Dataset entries:
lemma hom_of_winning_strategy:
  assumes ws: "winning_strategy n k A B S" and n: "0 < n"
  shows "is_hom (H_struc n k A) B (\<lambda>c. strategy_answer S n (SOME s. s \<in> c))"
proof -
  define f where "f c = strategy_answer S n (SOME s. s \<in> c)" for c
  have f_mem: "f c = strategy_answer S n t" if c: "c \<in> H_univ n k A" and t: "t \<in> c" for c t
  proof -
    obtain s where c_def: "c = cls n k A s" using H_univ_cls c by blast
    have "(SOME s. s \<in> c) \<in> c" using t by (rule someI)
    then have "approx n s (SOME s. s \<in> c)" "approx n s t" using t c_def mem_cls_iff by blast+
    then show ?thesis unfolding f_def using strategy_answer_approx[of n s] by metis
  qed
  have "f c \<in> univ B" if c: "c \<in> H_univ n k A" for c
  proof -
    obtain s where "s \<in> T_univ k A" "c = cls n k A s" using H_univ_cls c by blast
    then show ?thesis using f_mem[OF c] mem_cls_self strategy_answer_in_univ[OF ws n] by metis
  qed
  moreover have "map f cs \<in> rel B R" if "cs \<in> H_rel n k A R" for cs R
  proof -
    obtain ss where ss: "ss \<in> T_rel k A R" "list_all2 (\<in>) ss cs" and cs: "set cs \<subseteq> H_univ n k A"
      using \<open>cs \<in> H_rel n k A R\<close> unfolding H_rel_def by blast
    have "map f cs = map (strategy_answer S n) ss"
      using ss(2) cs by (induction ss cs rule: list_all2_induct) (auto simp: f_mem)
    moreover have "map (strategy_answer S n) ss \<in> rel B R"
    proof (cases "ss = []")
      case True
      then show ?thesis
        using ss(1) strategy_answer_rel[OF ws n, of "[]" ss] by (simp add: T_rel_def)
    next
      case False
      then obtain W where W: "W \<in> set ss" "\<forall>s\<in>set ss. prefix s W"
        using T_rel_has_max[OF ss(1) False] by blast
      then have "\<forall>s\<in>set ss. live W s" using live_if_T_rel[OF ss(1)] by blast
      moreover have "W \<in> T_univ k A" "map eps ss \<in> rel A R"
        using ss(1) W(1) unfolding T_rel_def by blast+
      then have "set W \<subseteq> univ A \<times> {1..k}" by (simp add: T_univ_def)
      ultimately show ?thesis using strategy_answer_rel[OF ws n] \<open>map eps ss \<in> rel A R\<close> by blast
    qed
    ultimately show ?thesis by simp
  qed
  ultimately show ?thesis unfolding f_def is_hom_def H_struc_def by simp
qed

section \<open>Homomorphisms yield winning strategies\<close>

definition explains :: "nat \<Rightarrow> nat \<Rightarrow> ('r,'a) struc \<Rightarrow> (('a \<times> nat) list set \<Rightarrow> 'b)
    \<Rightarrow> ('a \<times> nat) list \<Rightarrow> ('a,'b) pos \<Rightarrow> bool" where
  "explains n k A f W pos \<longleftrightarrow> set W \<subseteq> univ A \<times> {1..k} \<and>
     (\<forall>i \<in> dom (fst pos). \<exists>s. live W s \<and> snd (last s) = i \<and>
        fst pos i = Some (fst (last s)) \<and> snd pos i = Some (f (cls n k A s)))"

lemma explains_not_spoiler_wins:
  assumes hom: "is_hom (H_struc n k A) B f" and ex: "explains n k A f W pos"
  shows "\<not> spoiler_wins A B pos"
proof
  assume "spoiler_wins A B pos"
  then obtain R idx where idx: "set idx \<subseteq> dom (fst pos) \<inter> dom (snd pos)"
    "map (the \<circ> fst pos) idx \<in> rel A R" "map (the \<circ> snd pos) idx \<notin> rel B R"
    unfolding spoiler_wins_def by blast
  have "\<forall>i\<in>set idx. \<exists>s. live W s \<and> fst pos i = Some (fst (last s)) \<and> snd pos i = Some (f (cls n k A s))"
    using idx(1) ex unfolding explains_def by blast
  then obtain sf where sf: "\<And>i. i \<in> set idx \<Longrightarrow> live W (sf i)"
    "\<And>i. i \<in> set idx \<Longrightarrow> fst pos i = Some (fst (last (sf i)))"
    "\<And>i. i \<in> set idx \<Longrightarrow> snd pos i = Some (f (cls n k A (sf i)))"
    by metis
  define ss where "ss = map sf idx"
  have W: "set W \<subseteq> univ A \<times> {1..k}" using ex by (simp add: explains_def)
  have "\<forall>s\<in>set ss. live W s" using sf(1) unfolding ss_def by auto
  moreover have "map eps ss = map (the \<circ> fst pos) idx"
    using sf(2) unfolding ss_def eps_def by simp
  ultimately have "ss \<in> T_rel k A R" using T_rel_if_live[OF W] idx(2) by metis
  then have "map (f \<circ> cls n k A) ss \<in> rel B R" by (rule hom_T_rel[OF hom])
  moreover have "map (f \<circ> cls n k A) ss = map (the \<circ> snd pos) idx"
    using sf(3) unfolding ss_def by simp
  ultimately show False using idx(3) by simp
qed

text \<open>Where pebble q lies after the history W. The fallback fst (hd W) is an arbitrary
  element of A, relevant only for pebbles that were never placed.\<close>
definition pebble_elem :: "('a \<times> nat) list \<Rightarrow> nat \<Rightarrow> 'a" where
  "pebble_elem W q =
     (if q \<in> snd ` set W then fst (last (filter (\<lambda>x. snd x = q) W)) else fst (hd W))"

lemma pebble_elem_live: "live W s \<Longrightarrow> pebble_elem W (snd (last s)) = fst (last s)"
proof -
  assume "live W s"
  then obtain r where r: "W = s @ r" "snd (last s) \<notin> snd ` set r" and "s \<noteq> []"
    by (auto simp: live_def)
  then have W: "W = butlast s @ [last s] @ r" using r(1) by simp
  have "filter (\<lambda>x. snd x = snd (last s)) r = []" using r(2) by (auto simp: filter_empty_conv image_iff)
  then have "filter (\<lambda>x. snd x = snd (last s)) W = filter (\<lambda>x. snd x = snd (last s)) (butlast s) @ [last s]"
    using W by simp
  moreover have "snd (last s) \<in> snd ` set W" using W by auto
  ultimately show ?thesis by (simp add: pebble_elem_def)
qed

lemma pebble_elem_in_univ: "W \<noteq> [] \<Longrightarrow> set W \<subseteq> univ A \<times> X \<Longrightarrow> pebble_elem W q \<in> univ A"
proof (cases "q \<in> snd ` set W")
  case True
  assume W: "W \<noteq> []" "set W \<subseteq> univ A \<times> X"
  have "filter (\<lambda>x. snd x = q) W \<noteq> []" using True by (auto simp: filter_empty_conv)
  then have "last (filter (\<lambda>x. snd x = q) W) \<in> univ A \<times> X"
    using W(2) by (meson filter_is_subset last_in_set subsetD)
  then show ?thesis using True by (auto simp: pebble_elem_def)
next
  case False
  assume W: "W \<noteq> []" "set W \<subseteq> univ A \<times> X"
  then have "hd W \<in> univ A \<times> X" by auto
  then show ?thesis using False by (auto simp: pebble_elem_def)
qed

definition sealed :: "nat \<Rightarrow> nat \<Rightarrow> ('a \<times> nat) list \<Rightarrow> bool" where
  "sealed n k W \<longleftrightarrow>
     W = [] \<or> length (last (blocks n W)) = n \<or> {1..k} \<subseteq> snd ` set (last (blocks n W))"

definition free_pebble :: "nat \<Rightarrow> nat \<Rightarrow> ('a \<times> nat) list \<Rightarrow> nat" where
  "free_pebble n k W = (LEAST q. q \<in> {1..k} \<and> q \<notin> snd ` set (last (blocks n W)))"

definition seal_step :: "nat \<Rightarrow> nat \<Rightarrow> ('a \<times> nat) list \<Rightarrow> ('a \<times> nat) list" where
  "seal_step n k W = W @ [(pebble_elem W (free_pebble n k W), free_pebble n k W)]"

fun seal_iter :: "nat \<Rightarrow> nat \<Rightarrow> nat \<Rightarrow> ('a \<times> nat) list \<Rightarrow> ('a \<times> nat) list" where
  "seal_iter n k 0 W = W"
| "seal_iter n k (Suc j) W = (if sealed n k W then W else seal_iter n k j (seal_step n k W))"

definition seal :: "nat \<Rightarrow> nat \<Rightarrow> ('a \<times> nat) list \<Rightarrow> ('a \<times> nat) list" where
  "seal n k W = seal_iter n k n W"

==

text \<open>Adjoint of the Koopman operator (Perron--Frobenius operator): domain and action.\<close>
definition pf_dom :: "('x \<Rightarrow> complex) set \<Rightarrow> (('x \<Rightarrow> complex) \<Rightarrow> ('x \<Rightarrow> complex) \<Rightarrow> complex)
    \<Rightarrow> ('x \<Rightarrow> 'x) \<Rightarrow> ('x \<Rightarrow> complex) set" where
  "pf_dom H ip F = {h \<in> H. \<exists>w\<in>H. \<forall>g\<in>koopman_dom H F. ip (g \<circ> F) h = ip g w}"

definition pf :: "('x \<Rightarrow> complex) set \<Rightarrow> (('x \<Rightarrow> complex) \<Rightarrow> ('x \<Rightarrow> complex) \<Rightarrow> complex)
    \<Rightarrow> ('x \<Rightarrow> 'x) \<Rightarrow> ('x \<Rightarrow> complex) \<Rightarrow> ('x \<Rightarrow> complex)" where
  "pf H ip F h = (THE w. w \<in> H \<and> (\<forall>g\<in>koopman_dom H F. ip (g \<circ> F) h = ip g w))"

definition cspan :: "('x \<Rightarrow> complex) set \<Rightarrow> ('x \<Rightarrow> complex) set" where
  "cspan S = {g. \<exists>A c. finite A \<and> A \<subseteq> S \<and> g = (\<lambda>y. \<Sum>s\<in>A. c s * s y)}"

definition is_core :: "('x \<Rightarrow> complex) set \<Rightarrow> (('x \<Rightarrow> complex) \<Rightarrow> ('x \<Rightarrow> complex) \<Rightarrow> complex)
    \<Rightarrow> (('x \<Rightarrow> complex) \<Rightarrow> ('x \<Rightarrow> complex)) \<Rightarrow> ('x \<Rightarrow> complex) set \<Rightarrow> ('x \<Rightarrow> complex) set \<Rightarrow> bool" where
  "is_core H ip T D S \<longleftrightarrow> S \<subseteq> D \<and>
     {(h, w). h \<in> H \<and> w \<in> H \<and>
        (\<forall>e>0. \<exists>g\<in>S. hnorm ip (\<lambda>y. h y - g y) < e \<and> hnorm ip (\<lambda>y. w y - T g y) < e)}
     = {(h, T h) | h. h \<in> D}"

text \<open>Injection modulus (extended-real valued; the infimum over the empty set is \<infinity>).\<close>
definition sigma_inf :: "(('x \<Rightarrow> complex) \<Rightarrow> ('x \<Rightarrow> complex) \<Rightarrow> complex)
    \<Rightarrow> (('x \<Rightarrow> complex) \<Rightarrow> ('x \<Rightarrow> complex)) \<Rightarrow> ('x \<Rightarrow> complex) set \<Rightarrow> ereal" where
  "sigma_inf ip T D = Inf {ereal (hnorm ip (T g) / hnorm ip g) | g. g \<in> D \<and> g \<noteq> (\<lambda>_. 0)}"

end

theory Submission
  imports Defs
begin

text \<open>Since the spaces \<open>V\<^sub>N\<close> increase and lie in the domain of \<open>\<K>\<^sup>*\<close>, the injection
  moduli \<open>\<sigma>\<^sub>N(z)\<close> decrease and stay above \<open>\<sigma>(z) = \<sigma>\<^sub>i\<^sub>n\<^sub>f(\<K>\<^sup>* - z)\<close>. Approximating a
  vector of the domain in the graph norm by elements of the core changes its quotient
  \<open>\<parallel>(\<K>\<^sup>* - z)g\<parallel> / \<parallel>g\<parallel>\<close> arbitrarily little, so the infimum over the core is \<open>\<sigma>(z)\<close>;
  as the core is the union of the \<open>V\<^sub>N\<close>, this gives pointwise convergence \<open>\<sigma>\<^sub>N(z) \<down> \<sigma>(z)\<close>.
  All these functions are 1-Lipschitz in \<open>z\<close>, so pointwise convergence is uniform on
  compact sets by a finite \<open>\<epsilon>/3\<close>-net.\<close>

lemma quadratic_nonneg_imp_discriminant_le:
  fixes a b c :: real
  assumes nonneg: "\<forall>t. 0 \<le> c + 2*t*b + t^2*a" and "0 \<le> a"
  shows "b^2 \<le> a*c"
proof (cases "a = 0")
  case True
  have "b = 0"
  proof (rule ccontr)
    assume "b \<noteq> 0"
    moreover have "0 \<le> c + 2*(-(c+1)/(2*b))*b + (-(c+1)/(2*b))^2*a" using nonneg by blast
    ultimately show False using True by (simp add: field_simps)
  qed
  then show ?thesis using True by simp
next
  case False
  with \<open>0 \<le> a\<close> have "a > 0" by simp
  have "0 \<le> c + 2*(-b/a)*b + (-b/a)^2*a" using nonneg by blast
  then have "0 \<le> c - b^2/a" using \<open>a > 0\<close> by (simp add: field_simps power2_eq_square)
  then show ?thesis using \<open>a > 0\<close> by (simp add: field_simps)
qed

▸ ABOUT THIS TASK
Of the lines above, copy each that contains "assumes".

▸ ANSWER TO THIS EXERCISE
  assumes ws: "winning_strategy n k A B S" and n: "0 < n"
  assumes hom: "is_hom (H_struc n k A) B f" and ex: "explains n k A f W pos"
  assumes nonneg: "\<forall>t. 0 \<le> c + 2*t*b + t^2*a" and "0 \<le> a"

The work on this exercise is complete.